Sounds crazy, right? If your back is hurting there has to be a reason, and I'm sure there is. The only problem is, in many of the cases, the 'reason' can't be found. We already know from many studies that back pain doesn't always come from, or indicate, spinal damage. Whether it's slipped, bulged, or degenerated discs, there's been studies showing that people both with and without back pain both have and don't have any of the above issues with their backs. So that's spinal cord injury out. What about muscle weakness or degeneration of the muscle surrounding the spine? Nope, no studies backing that either. Body alignment? Nope. Flexibility? Nope. Quality of the bed you're sleeping on? Nope. Shoes you're wearing? Nope.

So, hopefully now you can get an appreciation of just how perplexed current researchers are in this area. To date, there doesn't seem to be any universal link to chronic low back pain. And this, naturally, makes it hugely difficult to even diagnose it, let alone recommend treatments.

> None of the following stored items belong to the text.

definition subpart :: "(int \<Rightarrow> int) \<Rightarrow> (int \<Rightarrow> int) \<Rightarrow> bool" where
  "subpart mu lam \<longleftrightarrow> (\<forall>m. mu m \<le> lam m)"

definition skew_boxes :: "nat \<Rightarrow> nat \<Rightarrow> (int \<Rightarrow> int) \<Rightarrow> (int \<Rightarrow> int) \<Rightarrow> (int \<times> int) set set" where
  "skew_boxes k n lam mu = {box_of k n p | p. in_part lam p \<and> \<not> in_part mu p}"

definition semistandard :: "nat \<Rightarrow> nat \<Rightarrow> (int \<Rightarrow> int) \<Rightarrow> (int \<Rightarrow> int)
    \<Rightarrow> ((int \<times> int) set \<Rightarrow> 'a::linorder) \<Rightarrow> bool" where
  "semistandard k n lam mu R \<longleftrightarrow>
     (\<forall>x y1 y2. in_part lam (x, y1) \<and> \<not> in_part mu (x, y1) \<and>
                in_part lam (x, y2) \<and> \<not> in_part mu (x, y2) \<and> y1 < y2 \<longrightarrow>
                R (box_of k n (x, y1)) \<le> R (box_of k n (x, y2))) \<and>
     (\<forall>x1 x2 y. in_part lam (x1, y) \<and> \<not> in_part mu (x1, y) \<and>
                in_part lam (x2, y) \<and> \<not> in_part mu (x2, y) \<and> x1 < x2 \<longrightarrow>
                R (box_of k n (x1, y)) < R (box_of k n (x2, y)))"

text \<open>Standard tableaux: bijections from the boxes onto {1..N} (N is then the number of
 boxes), semistandard; maps are normalised to 0 off the boxes so they can be counted.\<close>
definition standard_tableaux :: "nat \<Rightarrow> nat \<Rightarrow> (int \<Rightarrow> int) \<Rightarrow> (int \<Rightarrow> int)
    \<Rightarrow> ((int \<times> int) set \<Rightarrow> nat) set" where
  "standard_tableaux k n lam mu =
     {R. (\<exists>N. bij_betw R (skew_boxes k n lam mu) {1..N}) \<and>
         (\<forall>b. b \<notin> skew_boxes k n lam mu \<longrightarrow> R b = 0) \<and>
         semistandard k n lam mu R}"

definition num_standard :: "nat \<Rightarrow> nat \<Rightarrow> (int \<Rightarrow> int) \<Rightarrow> (int \<Rightarrow> int) \<Rightarrow> nat" where
  "num_standard k n lam mu = card (standard_tableaux k n lam mu)"

end

theory Submission
  imports Defs
begin

(* Cylindric partitions, ordered by inclusion, form a graded poset in which a cover adds one box.
   Two distinct partitions have a common lower cover exactly when they have a common upper cover
   (their meet and their join), and every partition has as many removable as addable boxes, since
   rotating the cylinder by 180 degrees exchanges the two.  Counting paths of length two, the
   operators D and U summing a function over lower resp. upper covers commute, whence
   D^m 1 = U^m 1.  The largest entry of a standard tableau of shape alpha/mu sits in a maximal box,
   whose removal leaves a lower cover of alpha; so the left-hand side is (D^m 1)(alpha), and after
   the rotation the right-hand side is (U^m 1)(alpha). *)

definition linear_extensions :: "('b \<Rightarrow> 'b \<Rightarrow> bool) \<Rightarrow> 'b set \<Rightarrow> ('b \<Rightarrow> nat) set" where
  "linear_extensions prec S =
     {R. (\<exists>N. bij_betw R S {1..N}) \<and> (\<forall>b. b \<notin> S \<longrightarrow> R b = 0) \<and>
         (\<forall>b\<in>S. \<forall>c\<in>S. prec b c \<longrightarrow> R b < R c)}"

lemma linear_extension_bij_betw:
  "finite S \<Longrightarrow> R \<in> linear_extensions prec S \<Longrightarrow> bij_betw R S {1..card S}"
  unfolding linear_extensions_def using bij_betw_same_card by fastforce

lemma finite_linear_extensions:
  assumes "finite S"
  shows "finite (linear_extensions prec S)"
proof (rule finite_subset)
  let ?F = "{R. \<forall>x. (x \<in> S \<longrightarrow> R x \<in> {0..card S}) \<and> (x \<notin> S \<longrightarrow> R x = 0)}"
  show "linear_extensions prec S \<subseteq> ?F"
  proof
    fix R assume R: "R \<in> linear_extensions prec S"
    then have "R ` S = {1..card S}" using linear_extension_bij_betw[OF assms] by (simp add: bij_betw_def)
    then show "R \<in> ?F" using R unfolding linear_extensions_def by auto
  qed
  show "finite ?F" by (rule finite_set_of_finite_funs[OF assms]) simp
qed

lemma linear_extensions_empty [simp]: "linear_extensions prec {} = {\<lambda>_. 0}"
  by (auto simp: linear_extensions_def bij_betw_def intro: exI[of _ 0])

lemma card_eq_by_involution:
  assumes "f ` A \<subseteq> B" "f ` B \<subseteq> A" "\<And>x. x \<in> A \<Longrightarrow> f (f x) = x" "\<And>x. x \<in> B \<Longrightarrow> f (f x) = x"
  shows "card A = card B"
  by (rule bij_betw_same_card[of f], rule bij_betw_byWitness[where f' = f]) (use assms in blast)+

lemma linear_extensions_comp_involution:
  assumes inv: "\<And>x. h (h x) = x" and R: "R \<in> linear_extensions prec S"
  shows "R \<circ> h \<in> linear_extensions (\<lambda>b c. prec (h b) (h c)) (h ` S)"
proof -
  obtain N where N: "bij_betw R S {1..N}" using R unfolding linear_extensions_def by blast
  have "bij_betw h (h ` S) S"
    by (rule bij_betw_byWitness[where f' = h]) (auto simp: inv image_iff)
  then have "bij_betw (R \<circ> h) (h ` S) {1..N}" using N by (rule bij_betw_trans)
  moreover have "b \<notin> h ` S \<Longrightarrow> h b \<notin> S" for b by (metis inv imageI)
  ultimately show ?thesis using R unfolding linear_extensions_def by (auto simp: inv)
qed

lemma card_linear_extensions_image_involution:
  assumes inv: "\<And>x. h (h x) = x"
  shows "card (linear_extensions prec (h ` S)) = card (linear_extensions (\<lambda>b c. prec (h b) (h c)) S)"
proof (rule card_eq_by_involution[where f = "\<lambda>R. R \<circ> h"])
  have "h ` h ` S = S" by (force simp: inv image_iff)
  then show "(\<lambda>R. R \<circ> h) ` linear_extensions (\<lambda>b c. prec (h b) (h c)) S \<subseteq> linear_extensions prec (h ` S)"
    "(\<lambda>R. R \<circ> h) ` linear_extensions prec (h ` S) \<subseteq> linear_extensions (\<lambda>b c. prec (h b) (h c)) S"
    using linear_extensions_comp_involution[OF inv, of _ "\<lambda>b c. prec (h b) (h c)" S]
      linear_extensions_comp_involution[OF inv, of _ prec "h ` S"] by (auto simp: inv)
qed (simp_all add: comp_def inv)

lemma card_linear_extensions_converse:
  assumes fin: "finite S"
  shows "card (linear_extensions prec S) = card (linear_extensions (\<lambda>b c. prec c b) S)"
proof -
  define reverse where "reverse R b = (if b \<in> S then Suc (card S) - R b else 0)" for R :: "'a \<Rightarrow> nat" and b
  have range: "R b \<in> {1..card S}" if "R \<in> linear_extensions p S" "b \<in> S" for R p b
    using linear_extension_bij_betw[OF fin that(1)] that(2) unfolding bij_betw_def by auto
  have reverse_mem: "reverse R \<in> linear_extensions (\<lambda>b c. p c b) S" if R: "R \<in> linear_extensions p S" for R p
  proof -
    have "bij_betw (\<lambda>j. Suc (card S) - j) {1..card S} {1..card S}"
      by (rule bij_betw_byWitness[where f' = "\<lambda>j. Suc (card S) - j"]) auto
    with linear_extension_bij_betw[OF fin R]
    have "bij_betw ((\<lambda>j. Suc (card S) - j) \<circ> R) S {1..card S}" by (rule bij_betw_trans)
    then have "bij_betw (reverse R) S {1..card S}" by (rule bij_betw_cong[THEN iffD1, rotated]) (simp add: reverse_def)
    moreover have "reverse R b < reverse R c" if "b \<in> S" "c \<in> S" "p c b" for b c
    proof -
      have "R c < R b" using R that unfolding linear_extensions_def by blast
      moreover have "R b \<le> card S" using range[OF R that(1)] by simp
      ultimately show ?thesis using that by (simp add: reverse_def)
    qed
    ultimately show ?thesis unfolding linear_extensions_def reverse_def by auto
  qed
  have reverse_reverse: "reverse (reverse R) = R" if R: "R \<in> linear_extensions p S" for R p
  proof
    fix b show "reverse (reverse R) b = R b"
      using range[OF R, of b] R unfolding reverse_def linear_extensions_def by auto
  qed
  show ?thesis
  proof (rule card_eq_by_involution[where f = reverse])
    show "reverse ` linear_extensions prec S \<subseteq> linear_extensions (\<lambda>b c. prec c b) S"
      by (rule image_subsetI, rule reverse_mem)
    show "reverse ` linear_extensions (\<lambda>b c. prec c b) S \<subseteq> linear_extensions prec S"
      by (rule image_subsetI, drule reverse_mem) simp
  qed (fact reverse_reverse)+
qed

lemma card_linear_extensions_max_label:
  assumes fin: "finite S" and bS: "b \<in> S" and top: "\<And>c. c \<in> S \<Longrightarrow> \<not> prec b c"
  shows "card {R \<in> linear_extensions prec S. R b = card S} = card (linear_extensions prec (S - {b}))"
proof (rule bij_betw_same_card[of "\<lambda>R. R(b := 0)"],
    rule bij_betw_byWitness[where f' = "\<lambda>R. R(b := card S)"])
  define N where "N = card S"
  have N: "N \<ge> 1" "card (S - {b}) = N - 1" using fin bS by (auto simp: N_def Suc_le_eq card_gt_0_iff)
  have "{1..N} - {N} = {1..N - 1}" "{1..N - 1} \<union> {N} = {1..N}" using N by auto
  note ranges = this
  show "(\<lambda>R. R(b := 0)) ` {R \<in> linear_extensions prec S. R b = card S} \<subseteq> linear_extensions prec (S - {b})"
  proof (rule image_subsetI, clarify)
    fix R assume R: "R \<in> linear_extensions prec S" "R b = card S"
    have "bij_betw R S {1..N}" using linear_extension_bij_betw[OF fin R(1)] by (simp add: N_def)
    moreover have "bij_betw R {b} {N}" using R(2) by (simp add: N_def bij_betw_def)
    ultimately have "bij_betw R (S - {b}) {1..N - 1}"
      using bij_betw_DiffI[of R S "{1..N}" "{b}" "{N}"] bS N ranges by auto
    then have "bij_betw (R(b := 0)) (S - {b}) {1..N - 1}" by (rule bij_betw_cong[THEN iffD1, rotated]) simp
    then show "R(b := 0) \<in> linear_extensions prec (S - {b})"
      using R(1) unfolding linear_extensions_def by auto
  qed
  show "(\<lambda>R. R(b := card S)) ` linear_extensions prec (S - {b}) \<subseteq> {R \<in> linear_extensions prec S. R b = card S}"
  proof (rule image_subsetI)
    fix R assume R: "R \<in> linear_extensions prec (S - {b})"
    have bij: "bij_betw R (S - {b}) {1..N - 1}" using linear_extension_bij_betw[OF _ R] fin N by simp
    then have "bij_betw (R(b := N)) (S - {b}) {1..N - 1}" by (rule bij_betw_cong[THEN iffD1, rotated]) simp
    then have "bij_betw (R(b := N)) ((S - {b}) \<union> {b}) ({1..N - 1} \<union> {N})"
      using notIn_Un_bij_betw[of b "S - {b}" "R(b := N)" "{1..N - 1}"] N by simp
    then have "bij_betw (R(b := N)) S {1..N}" using bS ranges by (simp add: insert_absorb)
    moreover have "R c < N" if "c \<in> S - {b}" for c
    proof -
      have "R c \<in> {1..N - 1}" using bij that by (auto simp: bij_betw_def)
      then show ?thesis using N by auto
    qed
    ultimately show "R(b := card S) \<in> {R \<in> linear_extensions prec S. R b = card S}"
      using R top bS unfolding linear_extensions_def N_def by auto
  qed
qed (auto simp: linear_extensions_def)

lemma card_linear_extensions_maximal:
  assumes fin: "finite S" and ne: "S \<noteq> {}"
  shows "card (linear_extensions prec S) =
           (\<Sum>b \<in> {b \<in> S. \<forall>c\<in>S. \<not> prec b c}. card (linear_extensions prec (S - {b})))"
proof -
  define top where "top = {b \<in> S. \<forall>c\<in>S. \<not> prec b c}"
  define P where "P b = {R \<in> linear_extensions prec S. R b = card S}" for b
  have "linear_extensions prec S = (\<Union>b\<in>top. P b)"
  proof (rule set_eqI, rule iffI)
    fix R assume R: "R \<in> linear_extensions prec S"
    have bij: "bij_betw R S {1..card S}" by (rule linear_extension_bij_betw[OF fin R])
    moreover have "card S \<ge> 1" using fin ne by (simp add: Suc_le_eq card_gt_0_iff)
    ultimately have "card S \<in> R ` S" by (simp add: bij_betw_def)
    then obtain b where b: "b \<in> S" "R b = card S" by (metis imageE)
    have "\<not> prec b c" if "c \<in> S" for c
    proof
      assume "prec b c"
      then have "R b < R c" using R b(1) that unfolding linear_extensions_def by blast
      moreover have "R c \<le> card S" using bij that by (auto simp: bij_betw_def)
      ultimately show False using b(2) by simp
    qed
    then have "b \<in> top" using b(1) unfolding top_def by blast
    then show "R \<in> (\<Union>b\<in>top. P b)" using R b unfolding P_def by blast
  qed (auto simp: P_def)
  moreover have "P b \<inter> P c = {}" if "b \<in> top" "c \<in> top" "b \<noteq> c" for b c
  proof -
    have "inj_on R S" if "R \<in> linear_extensions prec S" for R
      using linear_extension_bij_betw[OF fin that] by (simp add: bij_betw_def)
    then show ?thesis using that unfolding P_def top_def inj_on_def by force
  qed
  moreover have "finite top" "\<forall>b\<in>top. finite (P b)"
    using fin finite_linear_extensions[OF fin] by (auto simp: top_def P_def)
  ultimately have "card (linear_extensions prec S) = (\<Sum>b\<in>top. card (P b))"
    by (simp add: card_UN_disjoint)
  also have "\<dots> = (\<Sum>b\<in>top. card (linear_extensions prec (S - {b})))"
    using card_linear_extensions_max_label[OF fin] by (auto simp: top_def P_def intro!: sum.cong)
  finally show ?thesis unfolding top_def .
qed

locale graded_covers =
  fixes P :: "'a \<Rightarrow> bool" and covers :: "'a \<Rightarrow> 'a \<Rightarrow> bool"
  assumes covers_P: "covers a b \<Longrightarrow> P a \<and> P b"
    and finite_lower_covers: "P b \<Longrightarrow> finite {a. covers a b}"
    and finite_upper_covers: "P a \<Longrightarrow> finite {b. covers a b}"
    and card_common_covers:
      "P a \<Longrightarrow> P b \<Longrightarrow> card {c. covers c a \<and> covers c b} = card {c. covers a c \<and> covers b c}"
begin
lemma round_nat_bracket:
  fixes X m :: nat
  defines "s \<equiv> 2 ^ (floor_log X - m)" and "q \<equiv> significand m X"
  shows "q * s \<le> X" and "X < (q + 1) * s"
    and "round_nat m X = q * s \<or> round_nat m X = (q + 1) * s"
    and "\<bar>real X - real (round_nat m X)\<bar> \<le> real X - real (q * s)"
    and "\<bar>real X - real (round_nat m X)\<bar> \<le> real ((q + 1) * s) - real X"
proof -
  have X: "X = q * s + X mod s"
    unfolding s_def q_def significand_def by (rule div_mult_mod_eq[symmetric])
  have r: "X mod s < s" by (simp add: s_def)
  have rnd: "round_nat m X = (if 2 * (X mod s) < s \<or> 2 * (X mod s) = s \<and> even q
      then q * s else (q + 1) * s)"
    by (simp add: round_nat_def s_def q_def Let_def)
  have "(q + 1) * s = q * s + s" by simp
  then show "q * s \<le> X" "X < (q + 1) * s" using X r by linarith+
  show "round_nat m X = q * s \<or> round_nat m X = (q + 1) * s" by (simp add: rnd)
  have "real X = real (q * s) + real (X mod s)" using X by (metis of_nat_add)
  then show "\<bar>real X - real (round_nat m X)\<bar> \<le> real X - real (q * s)"
    and "\<bar>real X - real (round_nat m X)\<bar> \<le> real ((q + 1) * s) - real X"
    unfolding rnd using r by (auto simp: algebra_simps)
qed

lemma round_nat_in_float_nats: "round_nat m X \<in> float_nats m"
proof -
  have "significand m X * 2 ^ (floor_log X - m) \<in> float_nats m"
    using significand_less unfolding float_nats_def by blast
  moreover have "(significand m X + 1) * 2 ^ (floor_log X - m) \<in> float_nats m"
    by (rule float_nats_succ[OF significand_less])
  ultimately show ?thesis using round_nat_bracket(3)[where X = X and m = m] by auto
qed

lemma round_nat_id: "X \<in> float_nats m \<Longrightarrow> round_nat m X = X"
  unfolding float_nats_iff_dvd by (simp add: round_nat_def significand_def Let_def)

Indeed, there seems to be a huge psychological element to the amount of pain people with chronic back pain feel.

Also, because there seems to be a huge psychological contribution to back pain, this compounds the problem by making it difficult to research methods that are effective, as it's nearly impossible to distinguish whether it was the treatment itself or whether it was merely a placebo effect (a term used to describe a psychologically perceived benefit, devoid of any objective benefit, that has no real value after the immediate believed effect wears off).

So, What Has Been Shown To Work ?

If someone was to look at the current research they could be forgiven for giving the answer of 'anything and everything'. There's studies showing acupuncture to be effective, massage to be effective, exercise to be effective, spinal manipulation to be effective, and pain-killers to be effective. There's even a body of research showing cognitive therapy (which is a purely psychological therapy) and anti-depressant medication to be effective. Yeah, anti-depressant medication, crazy, right? In fact, the only thing shown to have little to no effect was Electrical Muscle Stimulation.

Unfortunately, because of the difficulty in testing different treatments, there's few good quality studies done on low back pain therapy. So, now the question stops becoming as simple as what works, and now becomes about what works the best?